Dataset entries
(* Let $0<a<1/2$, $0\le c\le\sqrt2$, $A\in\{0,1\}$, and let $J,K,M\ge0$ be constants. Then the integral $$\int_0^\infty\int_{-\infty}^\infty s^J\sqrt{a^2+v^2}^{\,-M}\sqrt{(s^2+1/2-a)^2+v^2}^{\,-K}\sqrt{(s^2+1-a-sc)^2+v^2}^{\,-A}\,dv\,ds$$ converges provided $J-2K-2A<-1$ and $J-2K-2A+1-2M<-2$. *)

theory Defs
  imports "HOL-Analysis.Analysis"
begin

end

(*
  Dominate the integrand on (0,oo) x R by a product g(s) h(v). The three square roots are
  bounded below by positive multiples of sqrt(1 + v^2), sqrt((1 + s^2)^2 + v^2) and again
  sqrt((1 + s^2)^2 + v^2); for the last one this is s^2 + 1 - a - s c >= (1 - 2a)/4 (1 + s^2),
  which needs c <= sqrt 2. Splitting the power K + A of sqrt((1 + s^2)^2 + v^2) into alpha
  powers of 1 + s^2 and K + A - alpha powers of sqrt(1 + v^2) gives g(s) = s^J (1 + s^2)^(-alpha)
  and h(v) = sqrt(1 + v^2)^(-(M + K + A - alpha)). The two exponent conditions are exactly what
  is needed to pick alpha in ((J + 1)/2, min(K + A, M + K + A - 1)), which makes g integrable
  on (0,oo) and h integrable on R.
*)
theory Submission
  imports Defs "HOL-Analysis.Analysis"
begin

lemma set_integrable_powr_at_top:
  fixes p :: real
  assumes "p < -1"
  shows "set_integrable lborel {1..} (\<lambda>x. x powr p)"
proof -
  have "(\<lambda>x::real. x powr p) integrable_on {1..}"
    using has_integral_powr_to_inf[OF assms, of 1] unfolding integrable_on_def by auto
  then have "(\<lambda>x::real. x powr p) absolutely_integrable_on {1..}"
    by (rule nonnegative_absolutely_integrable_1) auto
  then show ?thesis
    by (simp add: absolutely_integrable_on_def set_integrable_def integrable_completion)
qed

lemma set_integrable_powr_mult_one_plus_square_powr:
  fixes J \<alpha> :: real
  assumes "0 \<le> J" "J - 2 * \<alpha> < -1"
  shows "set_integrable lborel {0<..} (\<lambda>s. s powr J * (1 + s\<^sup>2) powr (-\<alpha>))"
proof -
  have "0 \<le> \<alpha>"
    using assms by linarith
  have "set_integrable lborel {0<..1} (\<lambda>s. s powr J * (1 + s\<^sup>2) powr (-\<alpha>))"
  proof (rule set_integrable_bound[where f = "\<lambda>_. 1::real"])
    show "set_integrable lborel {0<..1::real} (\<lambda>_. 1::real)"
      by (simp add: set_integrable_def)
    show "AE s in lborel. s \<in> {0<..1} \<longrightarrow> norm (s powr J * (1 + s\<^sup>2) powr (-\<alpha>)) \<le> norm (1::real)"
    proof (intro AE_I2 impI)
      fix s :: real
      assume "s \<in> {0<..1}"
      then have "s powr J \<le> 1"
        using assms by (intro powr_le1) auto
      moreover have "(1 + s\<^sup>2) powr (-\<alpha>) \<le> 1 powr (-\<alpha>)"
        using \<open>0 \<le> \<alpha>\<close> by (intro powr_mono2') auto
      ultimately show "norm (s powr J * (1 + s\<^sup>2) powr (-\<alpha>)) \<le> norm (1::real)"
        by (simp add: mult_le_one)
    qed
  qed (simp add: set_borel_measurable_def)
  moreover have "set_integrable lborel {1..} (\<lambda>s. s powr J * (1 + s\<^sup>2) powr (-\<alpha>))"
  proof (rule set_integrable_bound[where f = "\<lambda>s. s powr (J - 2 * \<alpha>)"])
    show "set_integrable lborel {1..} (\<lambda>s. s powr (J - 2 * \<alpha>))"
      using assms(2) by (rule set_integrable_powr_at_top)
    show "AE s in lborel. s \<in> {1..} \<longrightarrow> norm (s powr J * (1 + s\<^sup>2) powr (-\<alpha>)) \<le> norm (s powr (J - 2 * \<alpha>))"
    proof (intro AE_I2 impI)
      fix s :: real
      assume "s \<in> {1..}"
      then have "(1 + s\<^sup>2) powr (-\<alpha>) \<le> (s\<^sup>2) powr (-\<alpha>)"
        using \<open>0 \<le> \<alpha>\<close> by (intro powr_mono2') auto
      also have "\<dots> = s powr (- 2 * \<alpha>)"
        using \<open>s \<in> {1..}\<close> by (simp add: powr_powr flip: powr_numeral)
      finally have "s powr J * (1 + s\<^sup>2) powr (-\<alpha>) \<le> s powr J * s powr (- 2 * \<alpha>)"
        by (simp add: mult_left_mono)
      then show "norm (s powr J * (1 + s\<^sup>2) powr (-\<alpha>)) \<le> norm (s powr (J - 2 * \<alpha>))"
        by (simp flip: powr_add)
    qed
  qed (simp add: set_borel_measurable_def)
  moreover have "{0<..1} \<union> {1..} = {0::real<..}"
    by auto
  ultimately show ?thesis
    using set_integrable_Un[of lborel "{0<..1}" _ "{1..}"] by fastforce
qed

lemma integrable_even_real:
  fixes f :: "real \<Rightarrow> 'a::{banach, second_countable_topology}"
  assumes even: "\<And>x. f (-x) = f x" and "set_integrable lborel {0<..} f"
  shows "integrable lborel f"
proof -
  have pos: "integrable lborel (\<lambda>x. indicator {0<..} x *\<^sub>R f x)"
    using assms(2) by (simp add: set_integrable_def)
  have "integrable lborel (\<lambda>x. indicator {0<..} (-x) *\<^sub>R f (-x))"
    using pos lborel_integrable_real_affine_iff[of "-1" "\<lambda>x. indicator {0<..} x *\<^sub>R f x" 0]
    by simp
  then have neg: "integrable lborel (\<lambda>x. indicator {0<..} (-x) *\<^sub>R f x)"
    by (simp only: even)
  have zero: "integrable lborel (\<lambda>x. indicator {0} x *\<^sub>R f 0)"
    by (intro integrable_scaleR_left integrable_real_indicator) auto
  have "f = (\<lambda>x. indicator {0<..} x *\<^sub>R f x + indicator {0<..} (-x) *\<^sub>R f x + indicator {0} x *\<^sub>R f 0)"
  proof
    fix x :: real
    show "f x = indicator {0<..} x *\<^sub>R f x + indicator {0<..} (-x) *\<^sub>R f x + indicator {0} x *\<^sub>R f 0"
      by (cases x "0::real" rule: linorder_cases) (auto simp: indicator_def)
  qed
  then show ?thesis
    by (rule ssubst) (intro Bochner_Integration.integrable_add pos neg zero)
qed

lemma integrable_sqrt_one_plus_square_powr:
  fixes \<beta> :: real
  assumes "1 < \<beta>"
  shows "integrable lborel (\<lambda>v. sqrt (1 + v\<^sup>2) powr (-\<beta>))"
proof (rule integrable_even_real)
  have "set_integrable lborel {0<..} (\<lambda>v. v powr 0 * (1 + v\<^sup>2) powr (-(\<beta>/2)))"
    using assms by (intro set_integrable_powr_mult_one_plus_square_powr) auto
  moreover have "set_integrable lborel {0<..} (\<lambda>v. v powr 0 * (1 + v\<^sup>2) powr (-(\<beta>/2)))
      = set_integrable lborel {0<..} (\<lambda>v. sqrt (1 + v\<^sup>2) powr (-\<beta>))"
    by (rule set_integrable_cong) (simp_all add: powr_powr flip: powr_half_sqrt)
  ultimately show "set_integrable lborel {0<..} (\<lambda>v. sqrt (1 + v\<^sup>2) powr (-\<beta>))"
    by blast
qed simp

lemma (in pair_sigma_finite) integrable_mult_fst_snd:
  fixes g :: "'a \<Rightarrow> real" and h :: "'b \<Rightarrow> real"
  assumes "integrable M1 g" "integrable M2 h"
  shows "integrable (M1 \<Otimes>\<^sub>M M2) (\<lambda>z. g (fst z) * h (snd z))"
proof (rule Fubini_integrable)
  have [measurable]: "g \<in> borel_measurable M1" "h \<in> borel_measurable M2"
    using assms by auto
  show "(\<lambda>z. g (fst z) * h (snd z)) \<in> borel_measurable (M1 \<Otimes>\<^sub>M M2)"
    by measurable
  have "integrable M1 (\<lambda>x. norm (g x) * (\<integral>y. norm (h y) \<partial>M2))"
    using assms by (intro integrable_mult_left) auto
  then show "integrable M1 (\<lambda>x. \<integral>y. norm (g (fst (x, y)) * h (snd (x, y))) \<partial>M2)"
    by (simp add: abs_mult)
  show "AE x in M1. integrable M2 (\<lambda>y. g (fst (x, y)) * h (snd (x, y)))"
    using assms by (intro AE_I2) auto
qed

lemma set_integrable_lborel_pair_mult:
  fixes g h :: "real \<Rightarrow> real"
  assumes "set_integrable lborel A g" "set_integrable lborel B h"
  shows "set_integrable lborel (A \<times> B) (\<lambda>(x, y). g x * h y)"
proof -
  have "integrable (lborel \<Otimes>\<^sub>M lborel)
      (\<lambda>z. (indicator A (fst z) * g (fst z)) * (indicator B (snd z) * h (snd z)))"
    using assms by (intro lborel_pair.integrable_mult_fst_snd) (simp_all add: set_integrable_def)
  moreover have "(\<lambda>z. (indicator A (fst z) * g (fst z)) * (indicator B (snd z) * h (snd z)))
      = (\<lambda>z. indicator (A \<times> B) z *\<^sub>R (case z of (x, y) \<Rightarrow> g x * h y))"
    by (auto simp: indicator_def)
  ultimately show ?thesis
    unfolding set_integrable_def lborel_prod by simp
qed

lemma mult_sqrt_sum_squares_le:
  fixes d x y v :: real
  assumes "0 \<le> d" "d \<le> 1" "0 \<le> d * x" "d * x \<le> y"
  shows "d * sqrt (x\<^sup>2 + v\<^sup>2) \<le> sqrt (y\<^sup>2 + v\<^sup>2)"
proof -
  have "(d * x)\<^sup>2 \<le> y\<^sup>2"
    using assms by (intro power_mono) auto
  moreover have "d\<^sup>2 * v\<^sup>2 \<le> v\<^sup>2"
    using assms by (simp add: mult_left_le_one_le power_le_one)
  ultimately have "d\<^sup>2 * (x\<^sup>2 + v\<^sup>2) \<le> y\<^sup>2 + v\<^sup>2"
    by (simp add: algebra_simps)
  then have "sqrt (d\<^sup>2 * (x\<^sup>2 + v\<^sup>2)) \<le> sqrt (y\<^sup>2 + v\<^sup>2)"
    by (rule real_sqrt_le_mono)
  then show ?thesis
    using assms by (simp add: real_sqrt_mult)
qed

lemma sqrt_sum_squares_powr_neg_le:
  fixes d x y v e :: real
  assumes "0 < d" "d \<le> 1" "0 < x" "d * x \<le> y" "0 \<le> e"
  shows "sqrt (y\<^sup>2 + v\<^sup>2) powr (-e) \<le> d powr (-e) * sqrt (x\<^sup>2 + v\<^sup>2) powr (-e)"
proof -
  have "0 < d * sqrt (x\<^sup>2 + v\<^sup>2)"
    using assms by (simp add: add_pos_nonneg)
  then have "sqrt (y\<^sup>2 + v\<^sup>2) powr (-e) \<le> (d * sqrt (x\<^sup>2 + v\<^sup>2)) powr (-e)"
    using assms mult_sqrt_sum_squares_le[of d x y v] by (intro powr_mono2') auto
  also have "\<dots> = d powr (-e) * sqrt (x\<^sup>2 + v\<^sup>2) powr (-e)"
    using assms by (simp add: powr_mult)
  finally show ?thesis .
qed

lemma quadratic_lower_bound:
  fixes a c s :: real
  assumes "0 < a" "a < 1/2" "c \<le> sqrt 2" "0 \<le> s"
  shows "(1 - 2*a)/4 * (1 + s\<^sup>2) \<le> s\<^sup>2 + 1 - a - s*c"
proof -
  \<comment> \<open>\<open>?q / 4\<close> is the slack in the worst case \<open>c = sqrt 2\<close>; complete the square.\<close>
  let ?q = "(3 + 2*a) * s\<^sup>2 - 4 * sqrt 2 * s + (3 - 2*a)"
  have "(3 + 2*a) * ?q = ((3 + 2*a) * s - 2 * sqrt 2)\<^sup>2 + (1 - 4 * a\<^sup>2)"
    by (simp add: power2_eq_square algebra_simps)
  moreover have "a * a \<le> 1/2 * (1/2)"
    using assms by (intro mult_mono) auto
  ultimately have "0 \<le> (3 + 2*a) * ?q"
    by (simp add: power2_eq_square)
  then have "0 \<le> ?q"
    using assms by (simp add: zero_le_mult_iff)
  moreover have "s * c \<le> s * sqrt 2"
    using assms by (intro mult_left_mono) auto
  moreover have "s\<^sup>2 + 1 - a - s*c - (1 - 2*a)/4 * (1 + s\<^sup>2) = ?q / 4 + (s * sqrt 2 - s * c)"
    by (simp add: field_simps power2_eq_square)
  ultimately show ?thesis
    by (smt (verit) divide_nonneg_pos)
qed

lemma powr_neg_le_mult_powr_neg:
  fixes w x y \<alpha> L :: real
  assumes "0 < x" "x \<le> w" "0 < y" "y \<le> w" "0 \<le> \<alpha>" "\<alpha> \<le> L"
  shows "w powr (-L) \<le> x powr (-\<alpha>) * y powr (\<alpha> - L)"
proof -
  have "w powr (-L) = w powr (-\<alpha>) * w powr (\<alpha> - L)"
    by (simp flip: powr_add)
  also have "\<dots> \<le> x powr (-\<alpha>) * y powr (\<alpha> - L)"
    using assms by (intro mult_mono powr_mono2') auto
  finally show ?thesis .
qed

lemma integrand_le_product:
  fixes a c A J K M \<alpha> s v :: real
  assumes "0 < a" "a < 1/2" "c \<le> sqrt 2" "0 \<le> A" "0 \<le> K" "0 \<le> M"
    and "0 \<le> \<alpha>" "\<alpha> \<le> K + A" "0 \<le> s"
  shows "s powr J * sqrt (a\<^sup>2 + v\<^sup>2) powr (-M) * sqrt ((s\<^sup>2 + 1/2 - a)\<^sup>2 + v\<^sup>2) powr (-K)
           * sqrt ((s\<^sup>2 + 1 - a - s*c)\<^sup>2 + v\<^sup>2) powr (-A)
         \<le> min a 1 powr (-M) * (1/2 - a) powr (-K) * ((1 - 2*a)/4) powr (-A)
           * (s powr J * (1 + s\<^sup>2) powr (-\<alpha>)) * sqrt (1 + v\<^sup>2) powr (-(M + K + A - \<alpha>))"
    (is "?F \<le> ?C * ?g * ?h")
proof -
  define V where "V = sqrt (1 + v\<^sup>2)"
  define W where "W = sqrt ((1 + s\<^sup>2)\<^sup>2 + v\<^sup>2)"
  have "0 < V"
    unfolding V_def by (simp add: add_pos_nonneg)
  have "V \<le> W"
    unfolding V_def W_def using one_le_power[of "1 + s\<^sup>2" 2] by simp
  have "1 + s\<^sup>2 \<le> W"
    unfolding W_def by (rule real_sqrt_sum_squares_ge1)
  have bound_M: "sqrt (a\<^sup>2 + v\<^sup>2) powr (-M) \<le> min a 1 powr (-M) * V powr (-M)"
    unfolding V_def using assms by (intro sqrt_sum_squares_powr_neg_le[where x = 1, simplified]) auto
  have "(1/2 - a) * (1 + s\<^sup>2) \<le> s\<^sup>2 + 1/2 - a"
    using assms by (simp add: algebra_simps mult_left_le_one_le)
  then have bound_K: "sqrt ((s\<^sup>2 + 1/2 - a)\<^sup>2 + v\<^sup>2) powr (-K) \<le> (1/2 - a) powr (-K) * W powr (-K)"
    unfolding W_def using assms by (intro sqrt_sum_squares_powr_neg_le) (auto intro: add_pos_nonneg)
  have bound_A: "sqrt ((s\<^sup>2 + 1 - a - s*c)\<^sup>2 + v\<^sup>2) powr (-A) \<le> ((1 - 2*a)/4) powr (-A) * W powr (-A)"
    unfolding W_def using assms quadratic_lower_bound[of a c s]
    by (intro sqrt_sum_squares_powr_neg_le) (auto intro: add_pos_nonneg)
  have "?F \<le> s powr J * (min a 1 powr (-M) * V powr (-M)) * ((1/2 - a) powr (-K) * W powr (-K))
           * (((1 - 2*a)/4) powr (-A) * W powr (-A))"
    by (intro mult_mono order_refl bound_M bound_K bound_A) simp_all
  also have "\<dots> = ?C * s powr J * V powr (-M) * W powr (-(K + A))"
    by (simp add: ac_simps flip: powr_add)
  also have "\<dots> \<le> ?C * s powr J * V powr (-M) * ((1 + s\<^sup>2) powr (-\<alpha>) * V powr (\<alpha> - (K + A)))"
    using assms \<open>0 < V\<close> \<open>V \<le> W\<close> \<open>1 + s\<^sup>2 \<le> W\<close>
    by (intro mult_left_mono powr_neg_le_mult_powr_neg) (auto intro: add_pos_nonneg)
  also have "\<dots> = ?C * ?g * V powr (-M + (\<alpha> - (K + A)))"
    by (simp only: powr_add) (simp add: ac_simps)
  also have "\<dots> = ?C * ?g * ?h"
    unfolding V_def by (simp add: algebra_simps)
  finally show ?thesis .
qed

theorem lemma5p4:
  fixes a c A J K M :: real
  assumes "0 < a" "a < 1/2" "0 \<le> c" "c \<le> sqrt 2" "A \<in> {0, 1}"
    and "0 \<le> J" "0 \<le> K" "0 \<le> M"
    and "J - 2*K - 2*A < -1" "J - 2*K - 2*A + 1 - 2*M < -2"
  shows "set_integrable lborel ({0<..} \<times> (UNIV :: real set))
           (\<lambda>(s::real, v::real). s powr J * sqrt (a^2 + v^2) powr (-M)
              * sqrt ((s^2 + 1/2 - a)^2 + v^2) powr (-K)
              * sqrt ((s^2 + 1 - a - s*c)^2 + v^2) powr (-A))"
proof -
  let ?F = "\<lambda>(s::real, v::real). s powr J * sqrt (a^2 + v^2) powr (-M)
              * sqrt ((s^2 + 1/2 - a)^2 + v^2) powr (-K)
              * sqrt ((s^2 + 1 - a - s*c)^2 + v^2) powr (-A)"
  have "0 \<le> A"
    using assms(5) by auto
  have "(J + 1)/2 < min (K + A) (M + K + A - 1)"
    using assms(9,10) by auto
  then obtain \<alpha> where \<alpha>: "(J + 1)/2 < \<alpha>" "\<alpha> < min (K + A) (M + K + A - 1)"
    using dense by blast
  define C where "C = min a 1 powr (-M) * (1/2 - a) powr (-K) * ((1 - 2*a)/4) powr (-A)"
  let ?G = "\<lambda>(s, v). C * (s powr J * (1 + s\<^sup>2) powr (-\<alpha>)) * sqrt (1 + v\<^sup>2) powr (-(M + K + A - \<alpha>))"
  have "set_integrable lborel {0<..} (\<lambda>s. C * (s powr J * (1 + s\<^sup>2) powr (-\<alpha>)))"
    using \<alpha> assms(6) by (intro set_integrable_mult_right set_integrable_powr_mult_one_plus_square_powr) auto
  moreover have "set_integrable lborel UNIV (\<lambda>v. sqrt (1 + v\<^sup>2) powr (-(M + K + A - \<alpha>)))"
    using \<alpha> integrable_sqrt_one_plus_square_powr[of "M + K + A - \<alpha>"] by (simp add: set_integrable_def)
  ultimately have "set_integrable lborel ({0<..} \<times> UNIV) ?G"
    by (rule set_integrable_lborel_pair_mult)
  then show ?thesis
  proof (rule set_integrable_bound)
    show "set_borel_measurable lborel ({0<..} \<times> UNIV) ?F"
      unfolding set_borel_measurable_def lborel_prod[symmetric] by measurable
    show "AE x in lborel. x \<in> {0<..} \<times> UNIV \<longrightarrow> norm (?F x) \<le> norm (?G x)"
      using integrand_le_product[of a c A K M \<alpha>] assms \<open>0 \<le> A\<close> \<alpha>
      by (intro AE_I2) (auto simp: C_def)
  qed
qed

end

WHAT YOU HAVE TO DO:
The output should be exactly the lines above from the line containing "unfolding V_def W_def" to the line containing "(-\<alpha>) * V", inclusive, with no other lines.

EXERCISE RESPONSE:
    unfolding V_def W_def using one_le_power[of "1 + s\<^sup>2" 2] by simp
  have "1 + s\<^sup>2 \<le> W"
    unfolding W_def by (rule real_sqrt_sum_squares_ge1)
  have bound_M: "sqrt (a\<^sup>2 + v\<^sup>2) powr (-M) \<le> min a 1 powr (-M) * V powr (-M)"
    unfolding V_def using assms by (intro sqrt_sum_squares_powr_neg_le[where x = 1, simplified]) auto
  have "(1/2 - a) * (1 + s\<^sup>2) \<le> s\<^sup>2 + 1/2 - a"
    using assms by (simp add: algebra_simps mult_left_le_one_le)
  then have bound_K: "sqrt ((s\<^sup>2 + 1/2 - a)\<^sup>2 + v\<^sup>2) powr (-K) \<le> (1/2 - a) powr (-K) * W powr (-K)"
    unfolding W_def using assms by (intro sqrt_sum_squares_powr_neg_le) (auto intro: add_pos_nonneg)
  have bound_A: "sqrt ((s\<^sup>2 + 1 - a - s*c)\<^sup>2 + v\<^sup>2) powr (-A) \<le> ((1 - 2*a)/4) powr (-A) * W powr (-A)"
    unfolding W_def using assms quadratic_lower_bound[of a c s]
    by (intro sqrt_sum_squares_powr_neg_le) (auto intro: add_pos_nonneg)
  have "?F \<le> s powr J * (min a 1 powr (-M) * V powr (-M)) * ((1/2 - a) powr (-K) * W powr (-K))
           * (((1 - 2*a)/4) powr (-A) * W powr (-A))"
    by (intro mult_mono order_refl bound_M bound_K bound_A) simp_all
  also have "\<dots> = ?C * s powr J * V powr (-M) * W powr (-(K + A))"
    by (simp add: ac_simps flip: powr_add)
  also have "\<dots> \<le> ?C * s powr J * V powr (-M) * ((1 + s\<^sup>2) powr (-\<alpha>) * V powr (\<alpha> - (K + A)))"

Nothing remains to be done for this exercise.